During your work life you pay into Medicare-A (hospitalization). This is NOT optional. If this is what they are getting early, then it may be a relatively small problem (depending on the average age of disability).
If they are also getting Medicare-B (which is optional) and you pay for in qualified retirement, then they are getting a LOT because the Federal government covers 80% of the expenses. In brief this covers physician expenses. It also has a deductible (I think $300.).
Do they also get Medicare-D which is prescription medications? Those that have this pay something for it and it is complicated, but, if the disabled also get this, it would lead to large deficits in the program. I don't have Medicare-D, which is also optional, so I don't know a lot about it except for the famous "donut hole" which is due to be phased out in Obamacare.
There is also Medicare-C or Medicare Advantage that I feel is a fraud in which the government bribes certain health companies to participate in Medicare-B at a 15% premium. Participants do get something extra for taking this option. I presume that the disabled don't get this, but what do I know? I believe this option is due to be phased out in Obamacare.
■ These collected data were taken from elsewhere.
lemma prox_radius_selection_measurable:
  fixes A r p :: "'a \<Rightarrow> real"
  assumes [measurable]: "r \<in> borel_measurable M" "p \<in> borel_measurable M"
    and A: "\<And>x. x \<in> space M \<Longrightarrow> prox_radius \<tau> (r x) (p x) (A x)"
  shows "A \<in> borel_measurable M"
  unfolding borel_measurable_iff_ge
proof
  fix c :: real
  show "{x \<in> space M. c \<le> A x} \<in> sets M"
  proof (cases "c > 0")
    case False
    with A have "{x \<in> space M. c \<le> A x} = space M" unfolding prox_radius_def by force
    thus ?thesis by simp
  next
    case True
    with A have "{x \<in> space M. c \<le> A x} = {x \<in> space M. c + \<tau> * p x * c powr (p x - 1) \<le> r x}"
      unfolding prox_radius_def by auto
    also have "\<dots> \<in> sets M" by measurable
    finally show ?thesis .
  qed
qed

lemma T_fun_le_prox_objective:
  fixes z w :: "'b::real_normed_vector"
  assumes "prox_radius \<tau> (norm z) q a" "\<tau> > 0"
  shows "T_fun \<tau> (norm z) q \<le> norm w powr q + (norm (z - w))\<^sup>2 / (2 * \<tau>)"
proof -
  have "\<bar>norm z - norm w\<bar>\<^sup>2 \<le> (norm (z - w))\<^sup>2" by (intro power_mono norm_triangle_ineq3) auto
  hence "(norm z - norm w)\<^sup>2 / (2 * \<tau>) \<le> (norm (z - w))\<^sup>2 / (2 * \<tau>)"
    using assms(2) by (simp add: divide_right_mono)
  moreover have "T_fun \<tau> (norm z) q \<le> norm w powr q + (norm z - norm w)\<^sup>2 / (2 * \<tau>)"
    using assms(1) unfolding prox_radius_def by auto
  ultimately show ?thesis by linarith
qed

lemma norm_radial_rescale:
  fixes z :: "'b::real_normed_vector"
  assumes "0 \<le> a" "a \<le> norm z"
  shows "norm ((a / norm z) *\<^sub>R z) = a" "norm (z - (a / norm z) *\<^sub>R z) = norm z - a"
proof -
  show "norm ((a / norm z) *\<^sub>R z) = a" using assms by (cases "z = 0") auto
  show "norm (z - (a / norm z) *\<^sub>R z) = norm z - a"
  proof (cases "z = 0")
    case False
    have "z - (a / norm z) *\<^sub>R z = (1 - a / norm z) *\<^sub>R z" by (simp add: algebra_simps)
    moreover have "0 \<le> 1 - a / norm z" using assms False by simp
    ultimately show ?thesis using False by (simp add: left_diff_distrib)
  qed (use assms in simp)
qed

lemma L2_space_norm_diff_sq_integrable:
  assumes "f \<in> L2_space \<Omega>" "g \<in> L2_space \<Omega>"
  shows "integrable (lebesgue_on \<Omega>) (\<lambda>x. (norm (f x - g x))\<^sup>2)"
proof (rule Bochner_Integration.integrable_bound)
  show "integrable (lebesgue_on \<Omega>) (\<lambda>x. 2 * (norm (f x))\<^sup>2 + 2 * (norm (g x))\<^sup>2)"
    using assms unfolding L2_space_def by auto
  have [measurable]: "f \<in> borel_measurable (lebesgue_on \<Omega>)" "g \<in> borel_measurable (lebesgue_on \<Omega>)"
    using assms unfolding L2_space_def by auto
  show "(\<lambda>x. (norm (f x - g x))\<^sup>2) \<in> borel_measurable (lebesgue_on \<Omega>)" by measurable
  have "(norm (f x - g x))\<^sup>2 \<le> 2 * (norm (f x))\<^sup>2 + 2 * (norm (g x))\<^sup>2" for x
  proof -
    have "(norm (f x - g x))\<^sup>2 \<le> (norm (f x) + norm (g x))\<^sup>2"
      by (intro power_mono norm_triangle_ineq4) auto
    also have "\<dots> \<le> 2 * (norm (f x))\<^sup>2 + 2 * (norm (g x))\<^sup>2"
      using zero_le_power2[of "norm (f x) - norm (g x)"] unfolding power2_diff power2_sum by linarith
    finally show ?thesis .
  qed
  then show "AE x in lebesgue_on \<Omega>. norm ((norm (f x - g x))\<^sup>2) \<le> norm (2 * (norm (f x))\<^sup>2 + 2 * (norm (g x))\<^sup>2)"
    by (intro AE_I2) simp
qed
Chances are when they say the disabled get Medicare, they don't specify which Medicare they are talking about or which group of Medicare alphabets are included.
When the qualifying age for Social Security was phased to 67, nothing was done about early participation at age 62 with somewhat reduced monthly payments. Personally, I think that anyone who doesn't take the early Social Security is foolish as you earn 5 yrs of payments that you can bank or invest if you don't need them. Who knows, you might not even make it to 67. Disclosure: I do not qualify for Social Security.